How does biology handle these loads? The answer is that our bodies constantly repair and recycle their materials. In tendons, collagen fibres are replaced in such a way that, while some are damaged, the overall tendon is safe. This constant self-repair is efficient and inexpensive, and can change based on the load. Indeed, all structures and cells in our bodies are in constant turnover; it’s estimated that almost 98 per cent of the atoms in the human body are replaced every year.

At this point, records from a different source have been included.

(* Lebesgue-almost everywhere, \[ \lim_{n\to\infty}\frac{\sum_{k=1}^n\mathsf a'_k}{\sum_{k=1}^n\mathsf a_k}=0 . \]
   Context: $I=(0,1]$, $\mathsf a_n(x)$ denotes the $n$-th continued fraction digit of $x\in I$. $\mathbb P$ is the set of primes. The prime digits are $\mathsf a'_n(x):=\mathsf a_n(x)$ if $\mathsf a_n(x)\in\mathbb P$ and $\mathsf a'_n(x):=0$ otherwise. *)

theory Defs
  imports "HOL-Analysis.Analysis" "HOL-Computational_Algebra.Primes"
begin

text \<open>Gauss map on [0,1]: T x = frac (1/x) for x > 0, and T 0 = 0 (digits after
termination of a rational expansion are 0; this only matters on a null set).\<close>
definition gauss_map :: "real \<Rightarrow> real" where
  "gauss_map x = (if x = 0 then 0 else frac (1 / x))"

definition cf_digit :: "nat \<Rightarrow> real \<Rightarrow> nat" where
  "cf_digit n x = nat \<lfloor>1 / (gauss_map ^^ (n - 1)) x\<rfloor>"

definition prime_cf_digit :: "nat \<Rightarrow> real \<Rightarrow> nat" where
  "prime_cf_digit n x = (if prime (cf_digit n x) then cf_digit n x else 0)"

end

theory Submission
  imports Defs "HOL-Real_Asymp.Real_Asymp"
begin

text \<open>The Gauss measure has density \<open>1/((1+x) ln 2)\<close>, comparable to Lebesgue measure on
  \<open>(0,1)\<close>, and its transfer operator has the explicit kernel \<open>1/((k+y)(k+1+y))\<close> on the branch
  with digit \<open>k\<close>. Iterating it, the integral of \<open>\<Prod>i<n. h\<^sub>i (a\<^sub>i\<^sub>+\<^sub>1)\<close> is at most
  \<open>\<Prod>i<n. c\<^sub>i\<close> whenever \<open>\<Sum>k. h\<^sub>i k / ((k+y)(k+1+y)) \<le> c\<^sub>i / (1+y)\<close>, which gives exponential Markov
  inequalities for the digits. On the first \<open>2^(j+1)\<close> digits, with \<open>L = 2^(j-9-s) j\<close>:
  the first \<open>2^j\<close> digits sum to at least \<open>2^j j / 64 = 2^s 8 L\<close> outside a set of measure
  \<open>O(e^(-j/50))\<close>; no prime digit exceeds \<open>L\<close> outside measure \<open>O(2^s/j^2)\<close>, by Chebyshev's
  \<open>\<Sum>p>L. 1/p\<^sup>2 = O(1/(L log L))\<close>; and the prime digits below \<open>L\<close> sum to less than \<open>8 L\<close> outside
  measure \<open>O(1/j^2)\<close>, since \<open>\<Sum>p\<le>L. 1/p = O(log j)\<close>. By Borel-Cantelli, almost every \<open>x\<close>
  eventually has prime digit sum at most \<open>2^-s\<close> times its digit sum, for every \<open>s\<close>.\<close>

definition gauss_density :: "real \<Rightarrow> real" where
  "gauss_density y = 1 / (1 + y)"

text \<open>The Gauss density transported along the inverse branch \<open>y \<mapsto> 1/(k+y)\<close> of the Gauss
  map, see \<open>branch_density_eq\<close>.\<close>
definition branch_density :: "nat \<Rightarrow> real \<Rightarrow> real" where
  "branch_density k y = 1 / ((real k + y) * (real k + 1 + y))"

definition gauss_branch :: "nat \<Rightarrow> real set" where
  "gauss_branch k = {1 / (real k + 1)<..<1 / real k}"

lemma gauss_density_bounds:
  assumes "0 < y" "y < 1"
  shows "1/2 \<le> gauss_density y" "gauss_density y \<le> 1"
  using assms unfolding gauss_density_def by (auto simp: field_simps)

lemma gauss_density_nonneg: "0 \<le> y \<Longrightarrow> 0 \<le> gauss_density y"
  unfolding gauss_density_def by simp

lemma branch_density_eq:
  assumes "0 < real k + y"
  shows "branch_density k y = gauss_density (1 / (real k + y)) / (real k + y) ^ 2"
proof -
  define u where "u = real k + y"
  have u: "0 < u"
    using assms unfolding u_def by auto
  then have "gauss_density (1 / u) / u ^ 2 = 1 / (u * (u + 1))"
    unfolding gauss_density_def by (simp add: divide_simps power2_eq_square)
  then show ?thesis
    unfolding branch_density_def u_def by (simp add: add_ac)
qed

lemma branch_density_nonneg: "0 \<le> y \<Longrightarrow> 0 \<le> branch_density k y"
  unfolding branch_density_def by simp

We recently applied this self-repair paradigm to see whether it’s possible to build a reliable space elevator with available materials. A common proposed design features a 91,000 km-long cable (called a tether), extending out from the Equator and balanced by a counterweight in space. The tether would consist of bundles of parallel fibres, similar to collagen fibres in tendons or osteons in bones, but made from Kevlar, a material found in bullet-proof and knife-proof vests. Using sensors and artificially intelligent software, it would be possible to model the whole tether mathematically so as to predict when, where and how the fibres would break. And when they did, speedy robotic climbers patrolling up and down the tether would replace them, adjusting the rate of maintenance and repair as needed – mimicking the sensitivity of biological processes. Despite operating at very high stress compared to what materials can sustain, we showed this structure would be reliable and would not demand exorbitant rates of replacement. Moreover, the maximum strength the material would need to possess to achieve a dependable structure was cut by an impressive 44 per cent.

So. Space elevators. Are they are thing that we should talk about? ~Credit: Kurzgesagt – In a Nutshell

 

This bio-inspired approach to engineering can also help structures down here on Earth, such as bridges and skyscrapers. By ‘challenging’ our materials, and equipping systems with autonomous repair and replacement mechanisms, we can exceed current limitations while improving reliability. To get a sense of the benefits of operating closer to the limit of tensile strength, look at a suspension bridge, involving lengths of steel rope that dip in the middle. The main hurdle to increasing the span of the bridge is that, as we use longer ropes, they become heavier and break under their own weight. If the rope is stretched to no more than 50 per cent of its total strength, the maximum span is about 4 km; but when stretched up to 90 per cent of its strength, the span dramatically increases to more than 7.5 km. However, ensuring the cable is safe will require steel fibres to be replaced in a fine-tuned process, just like in biological systems.

Megastructures are no longer science fiction. Never dissuaded by the collapse of the Tower of Babel, as recounted in the Old Testament, humans have continued to build bigger and higher and faster, fuelled by tremendous advances in science and technology. Yet according to the standards of classical reliability engineering, we are still far away. Instead we need a new paradigm, one that focuses not only on material strength, but on systems’ inherent reconstructive capacities. We ought to look no further than the bounty of biological life around us and trust there is much to learn from the sweep of evolutionary history.